[Start of Attachment]
lemma Delta_infinite: "infinite (\<Delta> n)"
proof -
  let ?e = "err n" and ?g = "shift_diff (jump n)"
  have "?g \<noteq> 0"
    by (rule shift_diff_neq_0) (simp add: jump_def)
  then have "bdd_above {z. poly ?g z = 0}"
    by (intro bdd_above_finite poly_roots_finite)
  then obtain B where roots: "\<And>z. poly ?g z = 0 \<Longrightarrow> z \<le> B"
    unfolding bdd_above_def by blast
  obtain N1 where large: "\<And>m. N1 \<le> m \<Longrightarrow> B < ipart m"
    using ipart_eventually_gt by blast
  have "1 \<le> \<sigma>"
    using sigma_def by simp
  then obtain lo hi where window: "0 \<le> lo" "lo < hi" "hi \<le> 1"
    and below: "\<And>t. lo < t \<Longrightarrow> t < hi \<Longrightarrow> \<lfloor>t + real (\<sigma> - 1) * ?e\<rfloor> = 0"
    and top: "\<And>t. lo < t \<Longrightarrow> t < hi \<Longrightarrow> \<lfloor>t + real \<sigma> * ?e\<rfloor> = jump n"
    unfolding jump_def using floor_jump_window[OF err_neq_0 sigma_abs_err_less_1] by blast
  have "\<exists>m\<ge>N. m \<in> \<Delta> n" for N
  proof -
    obtain m where m: "max N N1 \<le> m" "lo < fpart m" "fpart m < hi"
      using frac_mult_add_in_interval[OF theta_irrational window] unfolding fpart_def by blast
    have "\<lfloor>fpart m + real i * ?e\<rfloor> = (if \<sigma> \<le> i then jump n else 0)" if "i \<le> \<sigma>" for i
    proof (cases "i = \<sigma>")
      case False
      with that have "i \<le> \<sigma> - 1"
        by simp
      with floor_add_mult_eq_0[OF fpart_bounds below[OF m(2,3)]] False that show ?thesis
        by simp
    qed (use top[OF m(2,3)] in simp)
    then have "w n m = tail_sum ?g (fdiff_coeff \<sigma>) \<sigma> \<sigma> (ipart m) (num n)"
      by (rule w_eq_tail_sum)
    also have "\<dots> = poly ?g (ipart m + int \<sigma> * num n)"
      by (simp add: tail_sum_def)
    also have "\<dots> \<noteq> 0"
    proof -
      have "B < ipart m"
        using large m(1) by simp
      moreover have "0 \<le> int \<sigma> * num n"
        using num_nonneg[of n] by simp
      ultimately have "B < ipart m + int \<sigma> * num n"
        by linarith
      then show ?thesis
        by (meson roots not_le)
    qed
    finally show ?thesis
      using m(1) unfolding Delta_def by auto
  qed
  then show ?thesis
    by (simp add: infinite_nat_iff_unbounded_le)
qed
[End of Attachment]
= Activity =
Among the entries above, the lines between the ones containing "using sigma_def by simp" and "real \<sigma> *", inclusive, are to be transcribed exactly. No other line is to be given.

= Result of the exercise =
    using sigma_def by simp
  then obtain lo hi where window: "0 \<le> lo" "lo < hi" "hi \<le> 1"
    and below: "\<And>t. lo < t \<Longrightarrow> t < hi \<Longrightarrow> \<lfloor>t + real (\<sigma> - 1) * ?e\<rfloor> = 0"
    and top: "\<And>t. lo < t \<Longrightarrow> t < hi \<Longrightarrow> \<lfloor>t + real \<sigma> * ?e\<rfloor> = jump n"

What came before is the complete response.